> _REQUIREMENT_: Search the records below for the word "subsetI". Copy each line where it occurs.

> _Collected data_:
----

(* Let $\mathcal{F}=C_1\wedge\dots\wedge C_m\sim\mathcal{F}(m,n,d)$ and define the $2^n\times m$ matrix $M$ whose rows are indexed by assignments $\alpha\in\{0,1\}^n$ and columns by clause indices $i\in[m]$, with $M[\alpha,i]=1$ if the $i$th clause is not satisfied by $\alpha$ and $M[\alpha,i]=0$ otherwise. For any $c>2/\log e$, if $m\ge c\,2^d n^2/d$, then the rows of $M$ are pairwise distinct with high probability.
   Context: $\log$ is base 2. $\mathcal{F}(m,n,d)$: random $d$-CNF on $n$ variables with $m$ clauses sampled independently and uniformly with replacement from the $\binom{n}{d}2^d$ clauses on $d$ distinct variables. "With high probability" means with probability tending to $1$ as $n\to\infty$. *)

theory Defs
  imports "HOL-Probability.Probability"
begin

text \<open>A literal is a pair (v, b): variable v with polarity b (b = True: positive literal x_v,
  b = False: negative literal not x_v). A clause is a set of literals.\<close>
type_synonym clause = "(nat \<times> bool) set"

definition clauses :: "nat \<Rightarrow> nat \<Rightarrow> clause set" where
  "clauses n d = {C. C \<subseteq> {..<n} \<times> UNIV \<and> finite C \<and> card C = d \<and> inj_on fst C}"

text \<open>F(m,n,d): m clauses sampled independently and uniformly with replacement;
  the formula is the function i \<mapsto> C_i on {..<m}.\<close>
definition random_cnf :: "nat \<Rightarrow> nat \<Rightarrow> nat \<Rightarrow> (nat \<Rightarrow> clause) pmf" where
  "random_cnf m n d = Pi_pmf {..<m} {} (\<lambda>_. pmf_of_set (clauses n d))"

definition assignments :: "nat \<Rightarrow> (nat \<Rightarrow> bool) set" where
  "assignments n = {..<n} \<rightarrow>\<^sub>E (UNIV :: bool set)"

definition satisfies :: "(nat \<Rightarrow> bool) \<Rightarrow> clause \<Rightarrow> bool" where
  "satisfies \<alpha> C \<longleftrightarrow> (\<exists>(v, b) \<in> C. \<alpha> v = b)"

definition unsat_matrix :: "(nat \<Rightarrow> clause) \<Rightarrow> (nat \<Rightarrow> bool) \<Rightarrow> nat \<Rightarrow> nat" where
  "unsat_matrix F \<alpha> i = (if satisfies \<alpha> (F i) then 0 else 1)"

definition rows_distinct :: "nat \<Rightarrow> nat \<Rightarrow> (nat \<Rightarrow> clause) \<Rightarrow> bool" where
  "rows_distinct n m F \<longleftrightarrow>
     (\<forall>\<alpha>\<in>assignments n. \<forall>\<beta>\<in>assignments n. \<alpha> \<noteq> \<beta> \<longrightarrow>
        (\<lambda>i\<in>{..<m}. unsat_matrix F \<alpha> i) \<noteq> (\<lambda>i\<in>{..<m}. unsat_matrix F \<beta> i))"

end

theory Submission
  imports Defs
begin

text \<open>Two distinct assignments \<alpha>, \<beta> differ at some variable v. Every clause on a d-set of
  variables containing v whose literals are all falsified by \<alpha> is satisfied by \<beta>; there are
  \<open>(n-1 choose d-1) = d/n \<cdot> (n choose d)\<close> such clauses, so a uniform clause separates \<alpha> from \<beta>
  with probability at least \<open>d / (n 2^d)\<close>. The rows of \<alpha> and \<beta> thus coincide with probability at
  most \<open>(1 - d/(n 2^d))^m \<le> exp (-c n)\<close>, and a union bound over the fewer than \<open>4^n\<close> pairs bounds
  the failure probability by \<open>(4 e^{-c})^n\<close>, which tends to 0 because \<open>c > 2 / log e = ln 4\<close>.\<close>

lemma finite_clauses: "finite (clauses n d)"
  by (rule finite_subset[of _ "Pow ({..<n} \<times> (UNIV :: bool set))"]) (auto simp: clauses_def)

lemma card_clauses_le: "card (clauses n d) \<le> (n choose d) * 2 ^ d"
proof -
  let ?W = "{V. V \<subseteq> {..<n} \<and> card V = d}"
  let ?S = "Sigma ?W (\<lambda>V. V \<rightarrow>\<^sub>E (UNIV :: bool set))"
  let ?clause = "\<lambda>(V, g). (\<lambda>u. (u, g u)) ` V"
  have "clauses n d \<subseteq> ?clause ` ?S"
  proof
    fix C assume "C \<in> clauses n d"
    hence C: "C \<subseteq> {..<n} \<times> UNIV" "finite C" "card C = d" "inj_on fst C"
      by (auto simp: clauses_def)
    define g where "g = (\<lambda>u \<in> fst ` C. snd (the_inv_into C fst u))"
    have "fst ` C \<in> ?W" using C by (auto simp: card_image)
    moreover have "(fst p, g (fst p)) = p" if "p \<in> C" for p
      using C(4) that by (simp add: g_def the_inv_into_f_f)
    hence "C = (\<lambda>u. (u, g u)) ` fst ` C"
      by (simp add: image_image)
    moreover have "g \<in> fst ` C \<rightarrow>\<^sub>E UNIV" by (simp add: g_def)
    ultimately show "C \<in> ?clause ` ?S" by (auto intro!: image_eqI[of _ _ "(fst ` C, g)"])
  qed
  moreover have fin: "finite ?S"
    by (auto intro!: finite_SigmaI finite_PiE dest: finite_subset[OF _ finite_lessThan])
  ultimately have "card (clauses n d) \<le> card (?clause ` ?S)"
    by (intro card_mono) auto
  also have "\<dots> \<le> card ?S"
    using fin by (rule card_image_le)
  also have "card ?S = (\<Sum>V\<in>?W. card (V \<rightarrow>\<^sub>E (UNIV :: bool set)))"
    by (subst card_SigmaI) (auto intro!: finite_PiE finite_subset[of _ "Pow {..<n}"]
        dest: finite_subset[OF _ finite_lessThan])
  also have "\<dots> = (\<Sum>V\<in>?W. 2 ^ d)"
    by (intro sum.cong) (auto simp: card_PiE dest: finite_subset[OF _ finite_lessThan])
  also have "\<dots> = (n choose d) * 2 ^ d"
    using n_subsets[of "{..<n}" d] by simp
  finally show ?thesis .
qed

lemma card_subsets_containing:
  assumes "finite A" "v \<in> A" "1 \<le> d"
  shows "card {V. V \<subseteq> A \<and> card V = d \<and> v \<in> V} = (card A - 1) choose (d - 1)"
proof -
  let ?W = "{W. W \<subseteq> A - {v} \<and> card W = d - 1}"
  have "{V. V \<subseteq> A \<and> card V = d \<and> v \<in> V} = insert v ` ?W"
  proof (intro equalityI subsetI)
    fix V assume V: "V \<in> {V. V \<subseteq> A \<and> card V = d \<and> v \<in> V}"
    hence "V - {v} \<in> ?W" "V = insert v (V - {v})"
      using assms(1) finite_subset by auto
    thus "V \<in> insert v ` ?W" by blast
  next
    fix V assume "V \<in> insert v ` ?W"
    then obtain W where W: "W \<subseteq> A - {v}" "card W = d - 1" "V = insert v W" by blast
    moreover have "finite W" "v \<notin> W" using W(1) assms(1) finite_subset by auto
    ultimately show "V \<in> {V. V \<subseteq> A \<and> card V = d \<and> v \<in> V}"
      using assms by auto
  qed
  moreover have "inj_on (insert v) ?W"
    by (rule inj_onI) (metis Diff_insert_absorb Diff_iff insertI1 mem_Collect_eq subsetD)
  ultimately have "card {V. V \<subseteq> A \<and> card V = d \<and> v \<in> V} = card ?W"
    by (simp add: card_image)
  also have "\<dots> = (card A - 1) choose (d - 1)"
    using n_subsets[of "A - {v}" "d - 1"] assms by simp
  finally show ?thesis .
qed

lemma card_clauses_separating_ge:
  assumes "v < n" "\<alpha> v \<noteq> \<beta> v" "1 \<le> d"
  shows "(n - 1) choose (d - 1) \<le> card {C \<in> clauses n d. satisfies \<alpha> C \<noteq> satisfies \<beta> C}"
proof -
  let ?Vs = "{V. V \<subseteq> {..<n} \<and> card V = d \<and> v \<in> V}"
  let ?falsified = "\<lambda>V. (\<lambda>u. (u, \<not> \<alpha> u)) ` V"
  have "?falsified ` ?Vs \<subseteq> {C \<in> clauses n d. satisfies \<alpha> C \<noteq> satisfies \<beta> C}"
  proof
    fix C assume "C \<in> ?falsified ` ?Vs"
    then obtain V where V: "V \<in> ?Vs" "C = ?falsified V" by blast
    have "card C = d" using V by (simp add: card_image inj_on_def)
    moreover have "\<not> satisfies \<alpha> C" "satisfies \<beta> C"
      using V assms(2) by (auto simp: satisfies_def)
    ultimately show "C \<in> {C \<in> clauses n d. satisfies \<alpha> C \<noteq> satisfies \<beta> C}"
      using V finite_subset[of V "{..<n}"] by (auto simp: clauses_def inj_on_def)
  qed
  moreover have inj: "inj_on ?falsified ?Vs"
  proof (rule inj_onI)
    fix V W assume "?falsified V = ?falsified W"
    hence "fst ` ?falsified V = fst ` ?falsified W" by simp
    thus "V = W" by (simp add: image_image)
  qed
  hence "card (?falsified ` ?Vs) = (n - 1) choose (d - 1)"
    using card_image[OF inj] card_subsets_containing[of "{..<n}" v d] assms by simp
  ultimately show ?thesis
    by (metis (no_types, lifting) card_mono finite_clauses finite_subset mem_Collect_eq subsetI)
qed

lemma prob_clause_agrees_le:
  assumes "\<alpha> \<in> assignments n" "\<beta> \<in> assignments n" "\<alpha> \<noteq> \<beta>" "1 \<le> d" "d \<le> n"
  shows "measure_pmf.prob (pmf_of_set (clauses n d)) {C. satisfies \<alpha> C = satisfies \<beta> C}
           \<le> 1 - real d / (real n * 2 ^ d)"
proof -
  let ?S = "clauses n d"
  let ?Sep = "{C \<in> ?S. satisfies \<alpha> C \<noteq> satisfies \<beta> C}"
  obtain v where v: "v < n" "\<alpha> v \<noteq> \<beta> v"
  proof -
    obtain v where "\<alpha> v \<noteq> \<beta> v" using assms(3) by blast
    moreover have "v < n"
      using assms(1,2) calculation by (auto simp: assignments_def PiE_def extensional_def)
    ultimately show ?thesis using that by blast
  qed
  have sep: "(n - 1) choose (d - 1) \<le> card ?Sep"
    using card_clauses_separating_ge[of v n \<alpha> \<beta> d] v assms(4) by blast
  have "card ?Sep > 0"
    using sep assms(4,5) zero_less_binomial[of "d - 1" "n - 1"] by linarith
  hence S_ne: "?S \<noteq> {}" by auto
  have "real d / (real n * 2 ^ d) = real ((n - 1) choose (d - 1)) / (real (n choose d) * 2 ^ d)"
    using times_binomial_minus1_eq[of d n] assms(4,5)
    by (simp add: field_simps flip: of_nat_mult)
  also have "\<dots> \<le> real (card ?Sep) / real (card ?S)"
  proof (rule frac_le)
    show "real ((n - 1) choose (d - 1)) \<le> real (card ?Sep)" using sep by simp
    show "0 < real (card ?S)" using S_ne finite_clauses[of n d] by (simp add: card_gt_0_iff)
    show "real (card ?S) \<le> real (n choose d) * 2 ^ d"
      using of_nat_mono[OF card_clauses_le[of n d]] by simp
  qed simp
  also have "\<dots> = measure_pmf.prob (pmf_of_set ?S) (- {C. satisfies \<alpha> C = satisfies \<beta> C})"
    using S_ne finite_clauses[of n d]
    by (simp add: measure_pmf_of_set Int_def conj_commute)
  also have "\<dots> = 1 - measure_pmf.prob (pmf_of_set ?S) {C. satisfies \<alpha> C = satisfies \<beta> C}"
    using measure_pmf.prob_compl[of "{C. satisfies \<alpha> C = satisfies \<beta> C}" "pmf_of_set ?S"]
    by (simp add: Compl_eq_Diff_UNIV)
  finally show ?thesis by linarith
qed

lemma finite_assignments: "finite (assignments n)"
  by (simp add: assignments_def finite_PiE)

lemma card_assignments: "card (assignments n) = 2 ^ n"
  by (simp add: assignments_def card_PiE)

lemma prob_not_rows_distinct_le:
  assumes "1 \<le> d" "d \<le> n"
  shows "measure_pmf.prob (random_cnf m n d) {F. \<not> rows_distinct n m F}
           \<le> 4 ^ n * (1 - real d / (real n * 2 ^ d)) ^ m"
proof -
  let ?P = "random_cnf m n d"
  let ?A = "assignments n"
  let ?pairs = "{p \<in> ?A \<times> ?A. fst p \<noteq> snd p}"
  let ?agree = "\<lambda>p. {C. satisfies (fst p) C = satisfies (snd p) C}"
  let ?rows_equal = "\<lambda>p. Pi {..<m} (\<lambda>_. ?agree p)"
  let ?b = "1 - real d / (real n * 2 ^ d)"
  have "{F. \<not> rows_distinct n m F} \<subseteq> \<Union> (?rows_equal ` ?pairs)"
  proof
    fix F assume "F \<in> {F. \<not> rows_distinct n m F}"
    then obtain \<alpha> \<beta> where "\<alpha> \<in> ?A" "\<beta> \<in> ?A" "\<alpha> \<noteq> \<beta>"
      and "(\<lambda>i\<in>{..<m}. unsat_matrix F \<alpha> i) = (\<lambda>i\<in>{..<m}. unsat_matrix F \<beta> i)"
      unfolding rows_distinct_def by blast
    hence "\<forall>i<m. unsat_matrix F \<alpha> i = unsat_matrix F \<beta> i"
      by (metis lessThan_iff restrict_apply')
    with \<open>\<alpha> \<in> ?A\<close> \<open>\<beta> \<in> ?A\<close> \<open>\<alpha> \<noteq> \<beta>\<close>
    show "F \<in> \<Union> (?rows_equal ` ?pairs)"
      by (intro UN_I[of "(\<alpha>, \<beta>)"]) (auto simp: unsat_matrix_def split: if_splits)
  qed
  hence "measure_pmf.prob ?P {F. \<not> rows_distinct n m F}
           \<le> measure_pmf.prob ?P (\<Union> (?rows_equal ` ?pairs))"
    by (intro measure_pmf.finite_measure_mono) auto
  also have "\<dots> \<le> (\<Sum>p\<in>?pairs. measure_pmf.prob ?P (?rows_equal p))"
    using finite_assignments by (intro measure_pmf.finite_measure_subadditive_finite) auto
  also have "\<dots> \<le> (\<Sum>p\<in>?pairs. ?b ^ m)"
  proof (rule sum_mono)
    fix p assume "p \<in> ?pairs"
    hence "measure_pmf.prob (pmf_of_set (clauses n d)) (?agree p) \<le> ?b"
      using prob_clause_agrees_le[of "fst p" n "snd p" d] assms by auto
    thus "measure_pmf.prob ?P (?rows_equal p) \<le> ?b ^ m"
      unfolding random_cnf_def by (simp add: measure_Pi_pmf_Pi power_mono)
  qed
  also have "\<dots> \<le> 4 ^ n * ?b ^ m"
  proof -
    have "card ?pairs \<le> card (?A \<times> ?A)"
      using finite_assignments by (intro card_mono) auto
    also have "\<dots> = 4 ^ n"
      by (simp add: card_cartesian_product card_assignments flip: power_mult_distrib)
    finally have "real (card ?pairs) \<le> 4 ^ n"
      using of_nat_mono by fastforce
    moreover have "0 \<le> ?b"
      using assms mult_mono[of "real d" "real n" 1 "2 ^ d"] by simp
    ultimately show ?thesis
      unfolding sum_constant by (intro mult_right_mono) simp_all
  qed
  finally show ?thesis .
qed

lemma prob_rows_distinct_ge:
  assumes "1 \<le> d" "d \<le> n" "real m \<ge> c * 2 ^ d * real n ^ 2 / real d"
  shows "measure_pmf.prob (random_cnf m n d) {F. rows_distinct n m F} \<ge> 1 - (4 * exp (- c)) ^ n"
proof -
  define x where "x = real d / (real n * 2 ^ d)"
  have "c * real n \<le> x * real m"
    using assms by (simp add: x_def field_simps power2_eq_square)
  have "x \<le> 1"
    using assms(1,2) mult_mono[of "real d" "real n" 1 "2 ^ d"] by (simp add: x_def)
  hence "(1 - x) ^ m \<le> exp (- x) ^ m"
    using exp_minus_ge[of x] by (intro power_mono) auto
  also have "\<dots> \<le> exp (- c) ^ n"
    using \<open>c * real n \<le> x * real m\<close> by (simp flip: exp_of_nat_mult add: mult.commute)
  finally have "4 ^ n * (1 - x) ^ m \<le> (4 * exp (- c)) ^ n"
    by (simp add: power_mult_distrib)
  hence "measure_pmf.prob (random_cnf m n d) {F. \<not> rows_distinct n m F} \<le> (4 * exp (- c)) ^ n"
    using prob_not_rows_distinct_le[OF assms(1,2), of m] unfolding x_def by linarith
  moreover have "measure_pmf.prob (random_cnf m n d) {F. \<not> rows_distinct n m F}
      = 1 - measure_pmf.prob (random_cnf m n d) {F. rows_distinct n m F}"
    using measure_pmf.prob_compl[of "{F. rows_distinct n m F}" "random_cnf m n d"]
    by (simp add: Compl_eq_Diff_UNIV[symmetric] Collect_neg_eq[symmetric])
  ultimately show ?thesis by linarith
qed

lemma two_div_log2_e: "2 / log 2 (exp 1) = ln 4"
  using ln_realpow[of 2 2] by (simp add: log_def)

theorem mainTheorem8:
  fixes d :: nat and c :: real and m :: "nat \<Rightarrow> nat"
  assumes "d \<ge> 1"
    and "c > 2 / log 2 (exp 1)"
    and "\<And>n. real (m n) \<ge> c * 2 ^ d * real n ^ 2 / real d"
  shows "(\<lambda>n. measure_pmf.prob (random_cnf (m n) n d) {F. rows_distinct n (m n) F})
           \<longlonglongrightarrow> 1"
proof -
  let ?q = "4 * exp (- c)"
  have "exp (- c) < exp (- ln 4)"
    using assms(2) unfolding two_div_log2_e by simp
  hence "?q < 1" by (simp add: exp_minus)
  hence "(\<lambda>n. 1 - ?q ^ n) \<longlonglongrightarrow> 1"
    using tendsto_diff[OF tendsto_const LIMSEQ_power_zero[of ?q]] by simp
  moreover have "\<forall>\<^sub>F n in sequentially.
      1 - ?q ^ n \<le> measure_pmf.prob (random_cnf (m n) n d) {F. rows_distinct n (m n) F}"
    using eventually_ge_at_top[of d]
    by eventually_elim (rule prob_rows_distinct_ge[OF assms(1) _ assms(3)])
  moreover have "\<forall>\<^sub>F n in sequentially.
      measure_pmf.prob (random_cnf (m n) n d) {F. rows_distinct n (m n) F} \<le> 1"
    by simp
  ultimately show ?thesis
    by (rule tendsto_sandwich[OF _ _ _ tendsto_const, rotated 2])
qed

end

----

> _ANSWER FOR THIS EXERCISE_:
  proof (intro equalityI subsetI)
    by (metis (no_types, lifting) card_mono finite_clauses finite_subset mem_Collect_eq subsetI)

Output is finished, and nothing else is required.